By 1912, Bacon had made it to New York, then as now the goal of virtually any working actor; but Bacon’s New York was vaudeville or plays of no professional importance. Now forty-eight, he had been acting for twenty-two years and had every reason to assume that he would never be anything more than one of the many who got a modest living out of it but made no mark.

And then Bacon happened to tell the extremely successful playwright Winchell Smith about
The Divided House,
and how nobody wanted it, and how Bacon had sold it to the movies.

“Buy it back,” said Smith. He then rewrote Bacon’s script, and with manager John Golden opened it at the Gaiety Theatre (at the southwest corner of Broadway and Forty-sixth Street, now demolished) on August 26, 1918. The renamed
Lightnin’
was a smash. In fact, Bacon was the star and co-author of the biggest hit that Broadway had had to that time. More important, it was general belief that Frank Bacon
was
Lightnin’. Critics likened his warmth and “business” to that of Joseph Jefferson—who also had had to apply to an extremely successful playwright, Dion Boucicault, for assistance before his
Rip Van Winkle
went over.

Up to
Lightnin’,
the record for a New York run belonged to J. Hartley Manners, whose
Peg O’ My Heart
(1912) held New York for about twenty months. Three other titles (
A Trip To Chinatown
[1891],
Adonis
[1884], and
The Music Master
[1904]) trailed
Peg
by a month or so.
Lightnin’
played New York for
three years,
and, had Bacon got his way, he would have led every single performance. Eventually persuaded to take a vacation, Bacon spent it in the Gaiety Theatre watching his replacement, Milton Nobles, who was getting in shape to head the first national company.

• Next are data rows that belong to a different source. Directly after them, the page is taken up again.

(* Let $\mathscr H$ be a real Hilbert space, $\mathscr A\subseteq\mathscr H$ a closed linear subspace, $\mathsf Z$ a countable index set, $(h_k)_{k\in\mathsf Z}$ an orthogonal family of nonzero vectors with $P_{\mathscr A}h_k\neq 0$ for all $k$, and $\mathbf s=(\mathrm s_k)$ a real sequence with $(\mathrm s_k/\|h_k\|)_k\in\ell^2(\mathsf Z)$. For $k\in\mathsf Z$ let $P_k$ be the orthogonal projection onto $\mathscr S_k:=\{v\in\mathscr A:\langle v,h_k\rangle=\mathrm s_k\}$, and set $\mu_k:=\|P_{\mathscr A}h_k\|^2/\|h_k\|^2$. Then $\mu_k\in(0,1]$ for every $k$, and for every $u\in\mathscr A$, $$P_{\mathscr A}P_{\mathscr C_{\mathbf s}}u=u+\sum_{k\in\mathsf Z}\mu_k\,(P_k u-u),$$ where $\mathscr C_{\mathbf s}:=\{v\in\mathscr H:\langle v,h_k\rangle=\mathrm s_k\ \forall k\in\mathsf Z\}$.
   Context: $P_{\mathscr V}$ denotes orthogonal projection (nearest-point map) onto a nonempty closed affine subspace $\mathscr V$ of $\mathscr H$. *)

theory Defs
  imports "HOL-Analysis.Analysis"
begin

text \<open>The library's closest_point requires
  heine_borel, which excludes infinite-dimensional Hilbert spaces, so we use the same
  definition for arbitrary real inner product spaces.\<close>
definition proj :: "'a::real_inner set \<Rightarrow> 'a \<Rightarrow> 'a" where
  "proj S a = (SOME x. x \<in> S \<and> (\<forall>y\<in>S. dist a x \<le> dist a y))"

end

theory Submission
  imports Defs
begin

text \<open>Fix u in A and let w be the sum of the orthogonal series of the terms
  ((s k - <u, h k>) / |h k|^2) h k. It converges because its coefficients are square summable
  (by the hypothesis on s and Bessel's inequality for u), u + w satisfies all constraints, and
  w is orthogonal to every difference of points of C; so P_C u = u + w. The projection P_A is
  bounded linear and may be applied termwise. Within A the hyperplane S k has normal
  P_A (h k), since <v, P_A (h k)> = <v, h k> for v in A; hence
  P_k u - u = ((s k - <u, h k>) / |P_A (h k)|^2) P_A (h k), and the k-th term of P_A w is
  exactly mu k (P_k u - u).\<close>

lemma parallelogram_law:
  fixes x y :: "'a::real_inner"
  shows "(norm (x - y))\<^sup>2 + (norm (x + y))\<^sup>2 = 2 * (norm x)\<^sup>2 + 2 * (norm y)\<^sup>2"
  by (simp add: power2_norm_eq_inner inner_diff_left inner_diff_right inner_add_left
      inner_add_right inner_commute)

lemma minimizing_sequence_Cauchy:
  fixes S :: "'a::real_inner set"
  assumes "convex S" and yS: "\<And>n. y n \<in> S"
    and lim: "(\<lambda>n. dist a (y n)) \<longlonglongrightarrow> infdist a S"
  shows "Cauchy y"
proof (rule metric_CauchyI)
  define d where "d = infdist a S"
  define f where "f = (\<lambda>n. (dist a (y n))\<^sup>2 - d\<^sup>2)"
  have gap: "(dist (y m) (y n))\<^sup>2 \<le> 2 * f m + 2 * f n" for m n
  proof -
    have "midpoint (y m) (y n) \<in> S"
      using convexD[OF \<open>convex S\<close> yS yS, of "1/2" "1/2"]
      by (simp add: midpoint_def scaleR_add_right)
    then have "d \<le> dist a (midpoint (y m) (y n))"
      unfolding d_def by (rule infdist_le)
    then have "d\<^sup>2 \<le> (dist a (midpoint (y m) (y n)))\<^sup>2"
      using infdist_nonneg[of a S] by (simp add: d_def power_mono)
    moreover have "(a - y m) + (a - y n) = 2 *\<^sub>R (a - midpoint (y m) (y n))"
      by (simp add: midpoint_def algebra_simps scaleR_2)
    ultimately have "4 * d\<^sup>2 \<le> (norm ((a - y m) + (a - y n)))\<^sup>2"
      by (simp add: dist_norm power_mult_distrib)
    moreover have "(a - y m) - (a - y n) = y n - y m" by simp
    ultimately show ?thesis
      using parallelogram_law[of "a - y m" "a - y n"]
      by (simp add: f_def dist_norm norm_minus_commute)
  qed
  have "f \<longlonglongrightarrow> 0"
    using tendsto_diff[OF tendsto_power[OF lim, of 2] tendsto_const[of "d\<^sup>2"]]
    by (simp add: f_def d_def)
  fix e :: real assume "e > 0"
  then have "eventually (\<lambda>n. f n < e\<^sup>2 / 4) sequentially"
    by (intro order_tendstoD(2)[OF \<open>f \<longlonglongrightarrow> 0\<close>]) simp
  then obtain N where N: "\<And>n. n \<ge> N \<Longrightarrow> f n < e\<^sup>2 / 4"
    by (auto simp: eventually_sequentially)
  show "\<exists>N. \<forall>m\<ge>N. \<forall>n\<ge>N. dist (y m) (y n) < e"
  proof (intro exI allI impI)
    fix m n assume "N \<le> m" "N \<le> n"
    then have "(dist (y m) (y n))\<^sup>2 < e\<^sup>2"
      using gap[of m n] N[of m] N[of n] by linarith
    then show "dist (y m) (y n) < e"
      using \<open>e > 0\<close> by (simp add: power_less_imp_less_base)
  qed
qed

lemma nearest_point_exists:
  fixes S :: "'a::{real_inner,complete_space} set"
  assumes "convex S" "closed S" "S \<noteq> {}"
  shows "\<exists>x\<in>S. \<forall>y\<in>S. dist a x \<le> dist a y"
proof -
  have "\<exists>y\<in>S. dist a y < infdist a S + inverse (real (Suc n))" for n
    using cInf_lessD[of "dist a ` S"] \<open>S \<noteq> {}\<close> by (simp add: infdist_notempty)
  then obtain y where yS: "\<And>n. y n \<in> S"
    and y_close: "\<And>n. dist a (y n) < infdist a S + inverse (real (Suc n))"
    by metis
  have lim: "(\<lambda>n. dist a (y n)) \<longlonglongrightarrow> infdist a S"
  proof (rule tendsto_sandwich)
    show "\<forall>\<^sub>F n in sequentially. infdist a S \<le> dist a (y n)"
      using yS by (simp add: infdist_le)
    show "\<forall>\<^sub>F n in sequentially. dist a (y n) \<le> infdist a S + inverse (real (Suc n))"
      using y_close by (simp add: less_imp_le)
    show "(\<lambda>n. infdist a S + inverse (real (Suc n))) \<longlonglongrightarrow> infdist a S"
      using tendsto_add[OF tendsto_const LIMSEQ_inverse_real_of_nat] by simp
  qed simp
  obtain x where "y \<longlonglongrightarrow> x"
    using minimizing_sequence_Cauchy[OF \<open>convex S\<close> yS lim] convergent_eq_Cauchy by blast
  then have "x \<in> S" and "(\<lambda>n. dist a (y n)) \<longlonglongrightarrow> dist a x"
    using closed_sequentially[OF \<open>closed S\<close>] yS by (auto intro: tendsto_dist)
  with lim have "dist a x = infdist a S"
    using LIMSEQ_unique by blast
  with \<open>x \<in> S\<close> show ?thesis
    by (auto intro!: bexI[of _ x] infdist_le)
qed

lemma proj_nearest:
  fixes S :: "'a::{real_inner,complete_space} set"
  assumes "convex S" "closed S" "S \<noteq> {}"
  shows "proj S a \<in> S" and "\<And>y. y \<in> S \<Longrightarrow> dist a (proj S a) \<le> dist a y"
proof -
  have "\<exists>x. x \<in> S \<and> (\<forall>y\<in>S. dist a x \<le> dist a y)"
    using nearest_point_exists[OF assms] by blast
  then have "proj S a \<in> S \<and> (\<forall>y\<in>S. dist a (proj S a) \<le> dist a y)"
    unfolding proj_def by (rule someI_ex)
  then show "proj S a \<in> S" "\<And>y. y \<in> S \<Longrightarrow> dist a (proj S a) \<le> dist a y"
    by blast+
qed

lemma proj_eqI:
  fixes S :: "'a::real_inner set"
  assumes "x \<in> S" and orth: "\<And>y. y \<in> S \<Longrightarrow> (a - x) \<bullet> (y - x) = 0"
  shows "proj S a = x"
proof -
  have pyth: "(dist a y)\<^sup>2 = (dist a x)\<^sup>2 + (dist x y)\<^sup>2" if "y \<in> S" for y
  proof -
    have "orthogonal (a - x) (x - y)"
      using orth[OF that] by (simp add: orthogonal_def inner_diff_right)
    then show ?thesis
      using norm_add_Pythagorean[of "a - x" "x - y"] by (simp add: dist_norm)
  qed
  show ?thesis
    unfolding proj_def
  proof (rule some_equality)
    have "dist a x \<le> dist a y" if "y \<in> S" for y
      by (rule power2_le_imp_le) (use pyth[OF that] in simp_all)
    with \<open>x \<in> S\<close> show "x \<in> S \<and> (\<forall>y\<in>S. dist a x \<le> dist a y)"
      by blast
  next
    fix x' assume x': "x' \<in> S \<and> (\<forall>y\<in>S. dist a x' \<le> dist a y)"
    then have "(dist a x')\<^sup>2 \<le> (dist a x)\<^sup>2"
      using \<open>x \<in> S\<close> by (intro power_mono) auto
    then show "x' = x"
      using pyth[of x'] x' by simp
  qed
qed

lemma nearest_point_subspace_orthogonal:
  fixes A :: "'a::real_inner set"
  assumes "subspace A" "x \<in> A" and nearest: "\<And>y. y \<in> A \<Longrightarrow> dist a x \<le> dist a y"
    and "z \<in> A"
  shows "(a - x) \<bullet> z = 0"
proof (cases "z = 0")
  case False
  define p where "p = (a - x) \<bullet> z"
  define t where "t = p / (norm z)\<^sup>2"
  have "x + t *\<^sub>R z \<in> A"
    using assms by (simp add: subspace_add subspace_mul)
  then have "dist a x \<le> norm ((a - x) - t *\<^sub>R z)"
    using nearest by (simp add: dist_norm diff_diff_eq)
  then have "(norm (a - x))\<^sup>2 \<le> (norm ((a - x) - t *\<^sub>R z))\<^sup>2"
    by (simp add: dist_norm power_mono)
  also have "\<dots> = (norm (a - x))\<^sup>2 - 2 * t * p + t\<^sup>2 * (norm z)\<^sup>2"
    unfolding power2_norm_eq_inner
    by (simp add: p_def inner_diff_left inner_diff_right inner_commute power2_eq_square
        algebra_simps)
  also have "\<dots> = (norm (a - x))\<^sup>2 - p\<^sup>2 / (norm z)\<^sup>2"
    using False by (simp add: t_def power2_eq_square field_simps)
  finally have "p\<^sup>2 / (norm z)\<^sup>2 \<le> 0"
    by simp
  then show ?thesis
    using False by (simp add: p_def divide_le_0_iff)
qed simp

lemma proj_subspace:
  fixes A :: "'a::{real_inner,complete_space} set"
  assumes "subspace A" "closed A"
  shows "proj A a \<in> A" and "\<And>y. y \<in> A \<Longrightarrow> (a - proj A a) \<bullet> y = 0"
proof -
  have "convex A" "A \<noteq> {}"
    using assms subspace_imp_convex subspace_0 by blast+
  note nearest = proj_nearest[OF this(1) \<open>closed A\<close> this(2)]
  show "proj A a \<in> A"
    by (rule nearest(1))
  show "(a - proj A a) \<bullet> y = 0" if "y \<in> A" for y
    using nearest_point_subspace_orthogonal[OF \<open>subspace A\<close> nearest(1) nearest(2) that] .
qed

lemma norm_proj_subspace_le:
  fixes A :: "'a::{real_inner,complete_space} set"
  assumes "subspace A" "closed A"
  shows "norm (proj A a) \<le> norm a"
proof -
  have "orthogonal (proj A a) (a - proj A a)"
    using proj_subspace[OF assms] by (simp add: orthogonal_def inner_commute)
  then have "(norm a)\<^sup>2 = (norm (proj A a))\<^sup>2 + (norm (a - proj A a))\<^sup>2"
    using norm_add_Pythagorean[of "proj A a" "a - proj A a"] by simp
  then have "(norm (proj A a))\<^sup>2 \<le> (norm a)\<^sup>2"
    using zero_le_power2[of "norm (a - proj A a)"] by linarith
  then show ?thesis
    by (rule power2_le_imp_le) simp
qed

lemma bounded_linear_proj_subspace:
  fixes A :: "'a::{real_inner,complete_space} set"
  assumes "subspace A" "closed A"
  shows "bounded_linear (proj A)"
proof (rule bounded_linear_intro)
  note PA = proj_subspace(1)[OF assms] and P_orth = proj_subspace(2)[OF assms]
  show "proj A (a + b) = proj A a + proj A b" for a b
  proof (rule proj_eqI)
    show "proj A a + proj A b \<in> A"
      using PA \<open>subspace A\<close> by (simp add: subspace_add)
    fix y assume "y \<in> A"
    then have w: "y - (proj A a + proj A b) \<in> A"
      using PA \<open>subspace A\<close> by (simp add: subspace_add subspace_diff)
    have "a + b - (proj A a + proj A b) = (a - proj A a) + (b - proj A b)"
      by simp
    then show "(a + b - (proj A a + proj A b)) \<bullet> (y - (proj A a + proj A b)) = 0"
      using P_orth[OF w, of a] P_orth[OF w, of b] by (simp only: inner_add_left)
  qed
  show "proj A (r *\<^sub>R a) = r *\<^sub>R proj A a" for r a
  proof (rule proj_eqI)
    show "r *\<^sub>R proj A a \<in> A"
      using PA \<open>subspace A\<close> by (simp add: subspace_mul)
    fix y assume "y \<in> A"
    then have "y - r *\<^sub>R proj A a \<in> A"
      using PA \<open>subspace A\<close> by (simp add: subspace_mul subspace_diff)
    then show "(r *\<^sub>R a - r *\<^sub>R proj A a) \<bullet> (y - r *\<^sub>R proj A a) = 0"
      using P_orth[of _ a] by (simp flip: scaleR_diff_right)
  qed
  show "norm (proj A a) \<le> norm a * 1" for a
    using norm_proj_subspace_le[OF assms] by simp
qed

lemma proj_subspace_hyperplane:
  fixes A :: "'a::{real_inner,complete_space} set"
  assumes "subspace A" "closed A" "u \<in> A" and "proj A h \<noteq> 0"
  shows "proj {v\<in>A. v \<bullet> h = c} u = u + ((c - u \<bullet> h) / (norm (proj A h))\<^sup>2) *\<^sub>R proj A h"
    (is "_ = u + ?t *\<^sub>R ?p")
proof (rule proj_eqI)
  note P_orth = proj_subspace(2)[OF assms(1,2)]
  have "?p \<in> A"
    using proj_subspace(1)[OF assms(1,2)] .
  have hp: "h \<bullet> ?p = (norm ?p)\<^sup>2"
    using P_orth[OF \<open>?p \<in> A\<close>, of h] by (simp add: inner_diff_left power2_norm_eq_inner)
  show x_in: "u + ?t *\<^sub>R ?p \<in> {v\<in>A. v \<bullet> h = c}"
    using assms \<open>?p \<in> A\<close> hp
    by (simp add: subspace_add subspace_mul inner_add_left inner_commute[of ?p])
  fix y assume y: "y \<in> {v\<in>A. v \<bullet> h = c}"
  then have "y - (u + ?t *\<^sub>R ?p) \<in> A"
    using x_in \<open>subspace A\<close> by (simp add: subspace_diff)
  moreover have "h \<bullet> (y - (u + ?t *\<^sub>R ?p)) = 0"
    using y x_in by (simp add: inner_diff_right inner_commute[of h])
  ultimately have "?p \<bullet> (y - (u + ?t *\<^sub>R ?p)) = 0"
    using P_orth[of _ h] by (simp add: inner_diff_left)
  then show "(u - (u + ?t *\<^sub>R ?p)) \<bullet> (y - (u + ?t *\<^sub>R ?p)) = 0"
    by simp
qed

It was as though Bacon feared even momentary separation from the individualizing event of his life. He was a husband and father, yes: who wasn’t, in those days? But in
Lightnin’,
Bacon had created something typical yet unique, a play made of hokum that seemed the most honest good time the public ever had. And as Bill Jones, Bacon topped even Joseph Jefferson perhaps, and he could look forward to playing the show he so loved up and down the country for the rest of his working life. Indeed, they had had no little trouble auditioning Bacon’s successor; Nobles was something like seventy, coaxed out of retirement to save the day.